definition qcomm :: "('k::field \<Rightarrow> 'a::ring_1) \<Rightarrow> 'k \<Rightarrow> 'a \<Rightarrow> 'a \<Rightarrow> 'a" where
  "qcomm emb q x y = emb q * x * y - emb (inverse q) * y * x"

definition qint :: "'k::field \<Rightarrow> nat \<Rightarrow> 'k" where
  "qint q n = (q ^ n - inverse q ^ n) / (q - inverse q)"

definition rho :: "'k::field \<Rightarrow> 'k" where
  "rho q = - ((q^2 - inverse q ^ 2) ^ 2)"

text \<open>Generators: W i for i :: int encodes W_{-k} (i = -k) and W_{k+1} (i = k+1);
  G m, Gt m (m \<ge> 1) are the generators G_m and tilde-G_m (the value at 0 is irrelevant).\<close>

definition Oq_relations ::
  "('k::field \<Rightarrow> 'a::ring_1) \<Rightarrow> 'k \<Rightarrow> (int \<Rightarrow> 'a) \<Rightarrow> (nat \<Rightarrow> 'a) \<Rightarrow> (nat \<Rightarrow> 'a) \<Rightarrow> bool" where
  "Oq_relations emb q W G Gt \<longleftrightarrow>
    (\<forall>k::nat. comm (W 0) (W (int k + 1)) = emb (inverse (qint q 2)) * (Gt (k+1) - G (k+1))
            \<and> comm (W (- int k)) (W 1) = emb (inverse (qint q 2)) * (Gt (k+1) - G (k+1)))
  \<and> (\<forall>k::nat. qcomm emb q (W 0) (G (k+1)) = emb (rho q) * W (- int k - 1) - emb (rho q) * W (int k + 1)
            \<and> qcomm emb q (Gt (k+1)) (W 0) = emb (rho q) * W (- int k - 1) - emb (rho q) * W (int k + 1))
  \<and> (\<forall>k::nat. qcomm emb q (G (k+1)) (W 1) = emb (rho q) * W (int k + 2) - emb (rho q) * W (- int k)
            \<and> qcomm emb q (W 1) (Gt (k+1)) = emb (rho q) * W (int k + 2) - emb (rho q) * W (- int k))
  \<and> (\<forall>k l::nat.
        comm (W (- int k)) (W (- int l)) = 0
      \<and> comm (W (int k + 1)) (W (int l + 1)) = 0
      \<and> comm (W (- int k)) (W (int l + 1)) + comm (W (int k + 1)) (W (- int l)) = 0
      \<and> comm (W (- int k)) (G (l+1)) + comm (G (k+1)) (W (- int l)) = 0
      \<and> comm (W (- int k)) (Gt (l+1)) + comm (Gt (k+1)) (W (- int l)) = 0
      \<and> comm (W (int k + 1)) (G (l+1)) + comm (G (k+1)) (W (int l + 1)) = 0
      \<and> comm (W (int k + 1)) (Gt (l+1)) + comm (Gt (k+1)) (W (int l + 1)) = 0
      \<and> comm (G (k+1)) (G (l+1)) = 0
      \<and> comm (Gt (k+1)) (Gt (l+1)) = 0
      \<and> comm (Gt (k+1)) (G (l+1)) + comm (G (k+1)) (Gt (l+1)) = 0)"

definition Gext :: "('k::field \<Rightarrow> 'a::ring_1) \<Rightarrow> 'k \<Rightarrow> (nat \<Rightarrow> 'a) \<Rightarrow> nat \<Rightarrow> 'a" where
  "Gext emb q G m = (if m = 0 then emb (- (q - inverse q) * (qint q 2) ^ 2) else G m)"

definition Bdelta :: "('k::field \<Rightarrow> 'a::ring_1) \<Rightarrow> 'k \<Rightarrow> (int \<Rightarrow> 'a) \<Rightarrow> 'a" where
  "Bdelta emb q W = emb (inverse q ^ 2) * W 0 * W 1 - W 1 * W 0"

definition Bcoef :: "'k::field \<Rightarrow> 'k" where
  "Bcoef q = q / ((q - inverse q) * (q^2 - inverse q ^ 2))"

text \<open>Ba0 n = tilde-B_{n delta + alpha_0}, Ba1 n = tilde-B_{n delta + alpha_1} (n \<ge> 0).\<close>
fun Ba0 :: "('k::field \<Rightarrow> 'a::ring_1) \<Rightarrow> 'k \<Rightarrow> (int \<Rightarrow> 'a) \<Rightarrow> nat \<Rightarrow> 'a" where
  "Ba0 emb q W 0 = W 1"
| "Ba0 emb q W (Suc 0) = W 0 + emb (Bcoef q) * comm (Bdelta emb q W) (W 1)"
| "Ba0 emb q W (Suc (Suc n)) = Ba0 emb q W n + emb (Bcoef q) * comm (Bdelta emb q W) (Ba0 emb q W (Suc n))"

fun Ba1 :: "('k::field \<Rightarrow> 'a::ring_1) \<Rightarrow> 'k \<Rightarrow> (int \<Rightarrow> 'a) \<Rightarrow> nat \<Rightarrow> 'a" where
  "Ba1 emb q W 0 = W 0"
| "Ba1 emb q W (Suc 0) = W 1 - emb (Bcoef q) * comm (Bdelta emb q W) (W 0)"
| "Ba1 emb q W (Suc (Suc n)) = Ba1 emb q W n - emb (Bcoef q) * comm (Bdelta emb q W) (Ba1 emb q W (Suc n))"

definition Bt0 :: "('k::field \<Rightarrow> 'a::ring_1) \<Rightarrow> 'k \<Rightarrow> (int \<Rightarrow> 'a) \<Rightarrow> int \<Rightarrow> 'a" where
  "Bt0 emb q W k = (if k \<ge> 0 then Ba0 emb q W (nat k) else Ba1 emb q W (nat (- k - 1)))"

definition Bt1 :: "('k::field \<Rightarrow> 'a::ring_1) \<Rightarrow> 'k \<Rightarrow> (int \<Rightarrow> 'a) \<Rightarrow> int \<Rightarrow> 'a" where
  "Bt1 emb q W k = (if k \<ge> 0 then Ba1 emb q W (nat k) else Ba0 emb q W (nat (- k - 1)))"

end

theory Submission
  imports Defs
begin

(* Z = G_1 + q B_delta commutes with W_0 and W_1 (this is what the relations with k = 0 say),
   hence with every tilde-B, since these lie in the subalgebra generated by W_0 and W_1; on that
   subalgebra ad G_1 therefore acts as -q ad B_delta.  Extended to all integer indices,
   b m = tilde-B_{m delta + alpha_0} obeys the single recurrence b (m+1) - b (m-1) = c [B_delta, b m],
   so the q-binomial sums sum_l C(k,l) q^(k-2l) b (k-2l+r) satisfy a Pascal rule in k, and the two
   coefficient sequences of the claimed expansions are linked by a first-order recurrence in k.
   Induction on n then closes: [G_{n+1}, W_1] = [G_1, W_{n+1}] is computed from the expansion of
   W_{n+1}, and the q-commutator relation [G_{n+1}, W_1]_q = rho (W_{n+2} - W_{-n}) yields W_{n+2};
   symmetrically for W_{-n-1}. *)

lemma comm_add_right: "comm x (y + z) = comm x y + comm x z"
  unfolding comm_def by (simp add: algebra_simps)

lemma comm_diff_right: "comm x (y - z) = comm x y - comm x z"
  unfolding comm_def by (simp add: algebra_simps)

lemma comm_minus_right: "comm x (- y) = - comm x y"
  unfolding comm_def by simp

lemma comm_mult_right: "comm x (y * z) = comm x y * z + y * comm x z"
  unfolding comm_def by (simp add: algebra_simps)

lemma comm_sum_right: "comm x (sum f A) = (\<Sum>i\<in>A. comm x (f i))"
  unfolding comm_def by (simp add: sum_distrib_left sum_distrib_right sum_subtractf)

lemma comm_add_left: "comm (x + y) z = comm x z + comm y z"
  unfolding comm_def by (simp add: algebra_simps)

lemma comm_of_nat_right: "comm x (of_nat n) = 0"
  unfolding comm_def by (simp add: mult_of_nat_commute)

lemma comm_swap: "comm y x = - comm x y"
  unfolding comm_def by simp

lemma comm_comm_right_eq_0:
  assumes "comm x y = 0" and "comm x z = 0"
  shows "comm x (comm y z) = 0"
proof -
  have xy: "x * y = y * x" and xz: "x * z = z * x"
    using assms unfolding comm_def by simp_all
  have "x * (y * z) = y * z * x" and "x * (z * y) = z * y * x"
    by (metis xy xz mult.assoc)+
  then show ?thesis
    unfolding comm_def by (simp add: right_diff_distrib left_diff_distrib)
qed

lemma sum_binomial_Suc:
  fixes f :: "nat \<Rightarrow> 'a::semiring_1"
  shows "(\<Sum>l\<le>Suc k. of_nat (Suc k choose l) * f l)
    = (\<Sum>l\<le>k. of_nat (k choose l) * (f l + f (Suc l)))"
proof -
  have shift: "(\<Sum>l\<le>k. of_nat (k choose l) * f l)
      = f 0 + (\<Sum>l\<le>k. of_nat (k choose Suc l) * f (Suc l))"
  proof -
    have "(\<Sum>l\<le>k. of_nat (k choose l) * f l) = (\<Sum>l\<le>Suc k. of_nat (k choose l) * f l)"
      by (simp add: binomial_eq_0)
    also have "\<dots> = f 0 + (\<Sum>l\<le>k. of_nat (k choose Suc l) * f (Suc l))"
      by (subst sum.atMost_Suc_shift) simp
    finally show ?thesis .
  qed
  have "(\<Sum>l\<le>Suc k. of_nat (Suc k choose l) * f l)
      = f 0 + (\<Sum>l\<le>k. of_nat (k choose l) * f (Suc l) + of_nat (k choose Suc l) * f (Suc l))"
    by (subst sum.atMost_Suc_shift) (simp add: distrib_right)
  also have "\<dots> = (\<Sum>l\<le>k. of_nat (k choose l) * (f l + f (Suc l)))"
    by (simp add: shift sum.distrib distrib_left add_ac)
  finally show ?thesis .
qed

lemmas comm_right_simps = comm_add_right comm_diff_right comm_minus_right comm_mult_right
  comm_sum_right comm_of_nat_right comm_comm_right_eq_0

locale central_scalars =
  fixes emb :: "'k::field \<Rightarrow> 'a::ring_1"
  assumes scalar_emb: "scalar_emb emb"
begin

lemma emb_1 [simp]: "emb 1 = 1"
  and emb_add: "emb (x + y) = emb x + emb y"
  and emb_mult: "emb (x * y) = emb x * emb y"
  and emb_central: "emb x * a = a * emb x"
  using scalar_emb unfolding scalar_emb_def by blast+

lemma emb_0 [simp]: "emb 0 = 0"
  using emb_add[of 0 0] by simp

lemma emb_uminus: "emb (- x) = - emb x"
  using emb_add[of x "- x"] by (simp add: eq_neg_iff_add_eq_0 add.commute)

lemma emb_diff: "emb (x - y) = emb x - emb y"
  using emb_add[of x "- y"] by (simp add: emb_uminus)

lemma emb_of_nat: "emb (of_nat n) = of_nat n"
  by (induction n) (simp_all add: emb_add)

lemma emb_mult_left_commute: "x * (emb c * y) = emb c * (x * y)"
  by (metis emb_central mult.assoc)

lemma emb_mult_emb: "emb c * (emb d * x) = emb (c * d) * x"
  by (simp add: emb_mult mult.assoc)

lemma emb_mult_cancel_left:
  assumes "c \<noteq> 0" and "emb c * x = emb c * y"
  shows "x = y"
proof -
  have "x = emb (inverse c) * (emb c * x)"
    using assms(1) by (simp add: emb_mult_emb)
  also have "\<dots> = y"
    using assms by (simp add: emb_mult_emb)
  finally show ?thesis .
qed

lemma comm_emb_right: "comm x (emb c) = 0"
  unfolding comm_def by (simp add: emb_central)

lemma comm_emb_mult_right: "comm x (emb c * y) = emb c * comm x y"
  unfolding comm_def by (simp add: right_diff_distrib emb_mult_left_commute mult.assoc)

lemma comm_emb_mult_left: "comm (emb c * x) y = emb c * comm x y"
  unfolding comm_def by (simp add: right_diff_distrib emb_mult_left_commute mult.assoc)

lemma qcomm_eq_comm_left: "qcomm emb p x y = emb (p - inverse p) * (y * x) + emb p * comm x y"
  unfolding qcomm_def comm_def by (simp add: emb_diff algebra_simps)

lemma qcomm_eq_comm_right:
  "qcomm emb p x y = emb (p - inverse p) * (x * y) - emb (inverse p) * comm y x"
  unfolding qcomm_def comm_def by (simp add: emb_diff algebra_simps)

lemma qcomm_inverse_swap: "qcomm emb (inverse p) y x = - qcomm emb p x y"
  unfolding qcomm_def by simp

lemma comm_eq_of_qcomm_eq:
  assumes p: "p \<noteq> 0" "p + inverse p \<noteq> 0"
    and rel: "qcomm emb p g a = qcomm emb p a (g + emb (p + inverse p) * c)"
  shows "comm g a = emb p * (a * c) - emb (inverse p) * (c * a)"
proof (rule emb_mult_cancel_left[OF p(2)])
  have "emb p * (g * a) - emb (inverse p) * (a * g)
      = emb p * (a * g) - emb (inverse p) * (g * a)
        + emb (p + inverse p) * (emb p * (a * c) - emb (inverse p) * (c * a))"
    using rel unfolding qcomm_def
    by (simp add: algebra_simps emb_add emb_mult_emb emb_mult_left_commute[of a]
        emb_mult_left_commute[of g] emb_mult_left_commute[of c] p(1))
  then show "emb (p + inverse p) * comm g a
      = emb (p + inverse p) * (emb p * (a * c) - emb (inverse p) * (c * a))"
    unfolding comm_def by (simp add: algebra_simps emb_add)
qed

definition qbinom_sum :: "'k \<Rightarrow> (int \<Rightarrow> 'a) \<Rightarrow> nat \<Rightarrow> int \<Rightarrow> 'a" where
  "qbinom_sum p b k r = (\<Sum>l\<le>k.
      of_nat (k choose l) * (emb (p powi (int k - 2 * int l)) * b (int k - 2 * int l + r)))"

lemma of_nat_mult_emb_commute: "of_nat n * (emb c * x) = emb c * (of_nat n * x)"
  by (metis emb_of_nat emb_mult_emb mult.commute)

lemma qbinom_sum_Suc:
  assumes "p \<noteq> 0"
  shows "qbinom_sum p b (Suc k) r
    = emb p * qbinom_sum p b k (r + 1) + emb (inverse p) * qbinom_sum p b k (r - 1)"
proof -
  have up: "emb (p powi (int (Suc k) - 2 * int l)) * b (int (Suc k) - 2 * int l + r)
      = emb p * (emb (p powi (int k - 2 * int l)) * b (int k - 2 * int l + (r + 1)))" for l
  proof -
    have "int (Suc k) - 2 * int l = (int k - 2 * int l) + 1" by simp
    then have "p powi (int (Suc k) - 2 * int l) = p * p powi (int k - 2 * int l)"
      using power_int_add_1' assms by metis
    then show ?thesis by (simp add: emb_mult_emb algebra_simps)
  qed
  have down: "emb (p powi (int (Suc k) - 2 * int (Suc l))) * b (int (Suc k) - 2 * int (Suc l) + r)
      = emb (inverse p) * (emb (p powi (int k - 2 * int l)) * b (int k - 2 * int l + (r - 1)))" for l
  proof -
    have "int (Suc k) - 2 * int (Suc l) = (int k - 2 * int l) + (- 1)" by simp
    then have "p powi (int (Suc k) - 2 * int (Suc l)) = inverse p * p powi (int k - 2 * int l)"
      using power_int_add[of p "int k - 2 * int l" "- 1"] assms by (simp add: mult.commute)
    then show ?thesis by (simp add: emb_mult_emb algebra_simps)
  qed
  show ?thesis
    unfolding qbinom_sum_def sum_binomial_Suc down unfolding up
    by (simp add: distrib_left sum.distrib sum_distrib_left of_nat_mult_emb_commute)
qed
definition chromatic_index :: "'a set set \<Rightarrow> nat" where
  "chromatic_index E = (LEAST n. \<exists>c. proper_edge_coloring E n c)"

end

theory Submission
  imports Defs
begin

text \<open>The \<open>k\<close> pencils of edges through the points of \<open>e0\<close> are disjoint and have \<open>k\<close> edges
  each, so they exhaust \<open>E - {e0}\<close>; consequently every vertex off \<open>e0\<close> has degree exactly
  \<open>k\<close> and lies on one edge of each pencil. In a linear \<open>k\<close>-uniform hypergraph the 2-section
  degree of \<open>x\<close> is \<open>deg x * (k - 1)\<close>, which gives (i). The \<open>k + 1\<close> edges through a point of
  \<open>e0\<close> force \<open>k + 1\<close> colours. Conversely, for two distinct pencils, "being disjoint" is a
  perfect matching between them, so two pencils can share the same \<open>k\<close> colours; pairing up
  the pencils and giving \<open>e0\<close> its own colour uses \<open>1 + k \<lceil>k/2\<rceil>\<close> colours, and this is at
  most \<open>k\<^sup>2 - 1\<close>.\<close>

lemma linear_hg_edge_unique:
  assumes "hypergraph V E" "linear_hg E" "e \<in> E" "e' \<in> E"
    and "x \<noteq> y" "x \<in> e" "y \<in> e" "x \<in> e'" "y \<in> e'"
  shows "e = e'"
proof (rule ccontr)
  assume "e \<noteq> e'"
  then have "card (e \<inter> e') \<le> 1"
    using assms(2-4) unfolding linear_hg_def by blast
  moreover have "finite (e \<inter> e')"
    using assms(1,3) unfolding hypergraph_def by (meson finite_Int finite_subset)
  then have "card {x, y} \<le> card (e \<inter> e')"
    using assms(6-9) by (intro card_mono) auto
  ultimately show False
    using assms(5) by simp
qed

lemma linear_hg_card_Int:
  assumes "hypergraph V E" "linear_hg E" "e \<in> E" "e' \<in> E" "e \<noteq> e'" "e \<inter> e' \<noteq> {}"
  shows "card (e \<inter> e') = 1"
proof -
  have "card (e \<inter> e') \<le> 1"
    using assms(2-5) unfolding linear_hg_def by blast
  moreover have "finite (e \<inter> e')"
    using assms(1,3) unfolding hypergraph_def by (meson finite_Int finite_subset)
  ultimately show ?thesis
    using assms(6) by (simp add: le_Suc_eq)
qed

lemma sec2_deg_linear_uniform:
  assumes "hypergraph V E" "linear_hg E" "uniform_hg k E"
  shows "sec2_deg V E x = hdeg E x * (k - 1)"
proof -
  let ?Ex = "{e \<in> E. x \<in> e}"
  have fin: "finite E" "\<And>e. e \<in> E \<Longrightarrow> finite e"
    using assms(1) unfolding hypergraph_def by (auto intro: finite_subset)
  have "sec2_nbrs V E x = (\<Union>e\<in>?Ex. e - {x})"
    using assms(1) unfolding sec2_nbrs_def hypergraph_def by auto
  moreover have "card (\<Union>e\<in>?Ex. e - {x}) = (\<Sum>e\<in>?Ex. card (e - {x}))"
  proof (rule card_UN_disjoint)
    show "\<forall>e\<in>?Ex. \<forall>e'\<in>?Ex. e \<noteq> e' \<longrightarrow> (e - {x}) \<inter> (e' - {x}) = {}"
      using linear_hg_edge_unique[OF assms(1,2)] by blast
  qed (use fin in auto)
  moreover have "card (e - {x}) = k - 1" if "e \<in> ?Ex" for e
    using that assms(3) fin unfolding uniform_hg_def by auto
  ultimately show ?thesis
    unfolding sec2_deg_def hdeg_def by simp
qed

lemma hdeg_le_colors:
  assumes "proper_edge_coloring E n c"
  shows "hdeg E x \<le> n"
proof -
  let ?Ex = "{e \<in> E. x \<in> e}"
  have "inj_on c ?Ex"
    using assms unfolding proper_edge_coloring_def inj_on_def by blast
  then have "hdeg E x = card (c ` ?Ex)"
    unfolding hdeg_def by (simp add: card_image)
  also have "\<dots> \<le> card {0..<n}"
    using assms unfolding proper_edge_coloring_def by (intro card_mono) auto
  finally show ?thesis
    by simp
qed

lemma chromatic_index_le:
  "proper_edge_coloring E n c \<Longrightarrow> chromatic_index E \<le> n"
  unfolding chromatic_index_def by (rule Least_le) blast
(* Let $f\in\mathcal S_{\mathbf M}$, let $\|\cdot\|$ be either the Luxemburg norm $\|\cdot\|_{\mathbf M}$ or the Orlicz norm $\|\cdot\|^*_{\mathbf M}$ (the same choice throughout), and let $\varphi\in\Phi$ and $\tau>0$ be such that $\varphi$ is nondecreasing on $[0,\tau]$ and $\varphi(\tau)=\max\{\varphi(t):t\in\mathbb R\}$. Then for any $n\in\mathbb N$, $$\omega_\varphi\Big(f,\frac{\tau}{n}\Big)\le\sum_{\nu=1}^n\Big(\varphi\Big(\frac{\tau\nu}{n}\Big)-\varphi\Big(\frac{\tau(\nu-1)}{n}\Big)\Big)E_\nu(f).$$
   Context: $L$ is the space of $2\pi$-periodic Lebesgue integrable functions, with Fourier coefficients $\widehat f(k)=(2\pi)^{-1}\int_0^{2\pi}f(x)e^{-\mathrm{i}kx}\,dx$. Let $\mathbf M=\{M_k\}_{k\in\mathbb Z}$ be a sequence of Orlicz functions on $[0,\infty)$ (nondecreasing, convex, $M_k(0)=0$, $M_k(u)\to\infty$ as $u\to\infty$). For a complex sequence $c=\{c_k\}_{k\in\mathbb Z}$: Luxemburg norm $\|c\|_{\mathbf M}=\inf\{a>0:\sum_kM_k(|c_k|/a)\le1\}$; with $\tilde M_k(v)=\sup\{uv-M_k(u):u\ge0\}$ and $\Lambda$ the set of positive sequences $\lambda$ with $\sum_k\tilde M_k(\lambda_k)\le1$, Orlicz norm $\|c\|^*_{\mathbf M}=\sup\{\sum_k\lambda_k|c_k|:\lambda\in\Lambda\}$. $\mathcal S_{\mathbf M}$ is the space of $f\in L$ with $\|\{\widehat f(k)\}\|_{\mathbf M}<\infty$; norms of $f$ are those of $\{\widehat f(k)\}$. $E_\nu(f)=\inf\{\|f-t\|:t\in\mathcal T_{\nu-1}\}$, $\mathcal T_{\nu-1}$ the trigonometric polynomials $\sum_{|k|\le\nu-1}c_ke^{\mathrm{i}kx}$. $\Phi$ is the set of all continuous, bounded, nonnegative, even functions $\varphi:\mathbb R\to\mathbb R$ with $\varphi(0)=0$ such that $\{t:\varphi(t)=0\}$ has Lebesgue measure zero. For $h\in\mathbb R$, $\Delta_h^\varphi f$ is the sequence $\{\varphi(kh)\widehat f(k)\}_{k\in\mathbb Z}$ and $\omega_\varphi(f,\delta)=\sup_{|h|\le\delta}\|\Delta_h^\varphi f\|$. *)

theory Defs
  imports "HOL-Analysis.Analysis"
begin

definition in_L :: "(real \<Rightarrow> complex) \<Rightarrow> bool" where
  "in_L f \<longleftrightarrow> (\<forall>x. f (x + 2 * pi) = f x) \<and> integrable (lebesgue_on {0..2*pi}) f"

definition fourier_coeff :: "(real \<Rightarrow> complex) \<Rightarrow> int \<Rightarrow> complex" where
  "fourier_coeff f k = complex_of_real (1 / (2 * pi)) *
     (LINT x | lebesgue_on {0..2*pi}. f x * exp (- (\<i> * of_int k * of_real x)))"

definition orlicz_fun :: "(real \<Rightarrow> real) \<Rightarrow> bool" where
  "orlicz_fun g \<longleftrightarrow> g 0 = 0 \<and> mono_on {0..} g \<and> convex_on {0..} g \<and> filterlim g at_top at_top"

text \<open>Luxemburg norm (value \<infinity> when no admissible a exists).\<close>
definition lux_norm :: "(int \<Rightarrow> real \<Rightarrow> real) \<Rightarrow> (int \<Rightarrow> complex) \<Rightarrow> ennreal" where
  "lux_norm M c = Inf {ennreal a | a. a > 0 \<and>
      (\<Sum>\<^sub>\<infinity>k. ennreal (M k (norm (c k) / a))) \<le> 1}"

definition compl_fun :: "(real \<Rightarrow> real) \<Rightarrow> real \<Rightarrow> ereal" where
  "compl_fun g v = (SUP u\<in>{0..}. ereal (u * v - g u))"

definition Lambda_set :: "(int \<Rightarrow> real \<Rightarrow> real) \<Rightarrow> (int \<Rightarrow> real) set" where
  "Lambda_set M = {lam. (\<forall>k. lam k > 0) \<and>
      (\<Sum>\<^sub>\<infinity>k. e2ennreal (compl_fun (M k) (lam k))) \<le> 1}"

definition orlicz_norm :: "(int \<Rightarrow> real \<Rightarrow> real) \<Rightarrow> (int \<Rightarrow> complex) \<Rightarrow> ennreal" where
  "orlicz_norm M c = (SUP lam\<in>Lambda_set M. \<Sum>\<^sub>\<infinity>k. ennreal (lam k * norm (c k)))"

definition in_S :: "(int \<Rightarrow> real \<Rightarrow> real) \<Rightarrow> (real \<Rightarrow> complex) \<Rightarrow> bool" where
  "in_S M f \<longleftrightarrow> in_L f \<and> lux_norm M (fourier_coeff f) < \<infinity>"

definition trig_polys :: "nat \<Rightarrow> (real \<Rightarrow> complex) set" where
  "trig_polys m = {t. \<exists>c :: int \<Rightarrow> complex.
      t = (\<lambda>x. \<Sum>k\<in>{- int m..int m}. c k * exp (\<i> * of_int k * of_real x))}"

== Problem statement ==
In the listing above, find the line containing "using assms(1) unfolding hypergraph_def" and the line containing "proof (rule card_UN_disjoint)", then retype both and every line between them exactly, with nothing else.

== Output for this task ==
    using assms(1) unfolding hypergraph_def by (auto intro: finite_subset)
  have "sec2_nbrs V E x = (\<Union>e\<in>?Ex. e - {x})"
    using assms(1) unfolding sec2_nbrs_def hypergraph_def by auto
  moreover have "card (\<Union>e\<in>?Ex. e - {x}) = (\<Sum>e\<in>?Ex. card (e - {x}))"
  proof (rule card_UN_disjoint)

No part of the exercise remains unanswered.